(Description of the task): Your job with the data below is to output exactly the lines from the one holding "section \<open>The weighted" down to the one holding "Rayleigh quotient bounds.\<close>", both included, and no others.

(Available records):
lemma CD_zero_infinity:
  assumes "CD V adj \<sigma> 0 N" "invN N \<ge> 0"
  shows "CD V adj \<sigma> 0 \<infinity>"
proof -
  have "0 \<le> sGamma2 V adj \<sigma> f f x" if "x \<in> V" for f x
    using CD_zero_bound[OF assms(1) that, of f]
      mult_nonneg_nonneg[OF assms(2) zero_le_power2, of "slap V adj \<sigma> f x"] by linarith
  then show ?thesis unfolding CD_def invN_def by simp
qed

lemma sGamma2_nonneg: "CD V adj \<sigma> 0 \<infinity> \<Longrightarrow> x \<in> V \<Longrightarrow> sGamma2 V adj \<sigma> f f x \<ge> 0"
  using CD_zero_bound[of \<infinity> x f] by (simp add: invN_def)

section \<open>The weighted inner product and the Dirichlet form\<close>

definition deg_inner :: "('a \<Rightarrow> real) \<Rightarrow> ('a \<Rightarrow> real) \<Rightarrow> real" where
  "deg_inner f g = (\<Sum>x\<in>V. dg x * f x * g x)"

text \<open>Sums over ordered pairs of neighbours count every edge twice; this is why an eigenvalue
  \<open>lam\<close> of \<open>- slap V adj \<sigma>\<close> appears as \<open>2 * lam\<close> in Rayleigh quotient bounds.\<close>

definition dirichlet :: "('a \<Rightarrow> real) \<Rightarrow> ('a \<Rightarrow> real) \<Rightarrow> real" where
  "dirichlet f g = (\<Sum>x\<in>V. \<Sum>y\<in>Nb x. (f x - \<sigma> x y * f y) * (g x - \<sigma> x y * g y))"

definition edge_variation :: "('a \<Rightarrow> real) \<Rightarrow> real" where
  "edge_variation f = (\<Sum>x\<in>V. \<Sum>y\<in>Nb x. \<bar>f x - \<sigma> x y * f y\<bar>) / 2"

lemma deg_inner_nonneg: "deg_inner f f \<ge> 0"
  unfolding deg_inner_def by (intro sum_nonneg) (simp add: mult.assoc)

lemma dirichlet_nonneg: "dirichlet f f \<ge> 0"
  unfolding dirichlet_def by (intro sum_nonneg) auto

lemma edge_variation_nonneg: "edge_variation f \<ge> 0"
  unfolding edge_variation_def by (simp add: sum_nonneg)

lemma deg_inner_cong:
  "(\<And>x. x \<in> V \<Longrightarrow> f x = f' x) \<Longrightarrow> (\<And>x. x \<in> V \<Longrightarrow> g x = g' x) \<Longrightarrow> deg_inner f g = deg_inner f' g'"
  unfolding deg_inner_def by (intro sum.cong refl) auto

lemma dirichlet_cong:
  "(\<And>x. x \<in> V \<Longrightarrow> f x = f' x) \<Longrightarrow> (\<And>x. x \<in> V \<Longrightarrow> g x = g' x) \<Longrightarrow> dirichlet f g = dirichlet f' g'"
  unfolding dirichlet_def using nbrs_subset by (intro sum.cong refl) (auto simp: subset_iff)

(Response):
section \<open>The weighted inner product and the Dirichlet form\<close>

definition deg_inner :: "('a \<Rightarrow> real) \<Rightarrow> ('a \<Rightarrow> real) \<Rightarrow> real" where
  "deg_inner f g = (\<Sum>x\<in>V. dg x * f x * g x)"

text \<open>Sums over ordered pairs of neighbours count every edge twice; this is why an eigenvalue
  \<open>lam\<close> of \<open>- slap V adj \<sigma>\<close> appears as \<open>2 * lam\<close> in Rayleigh quotient bounds.\<close>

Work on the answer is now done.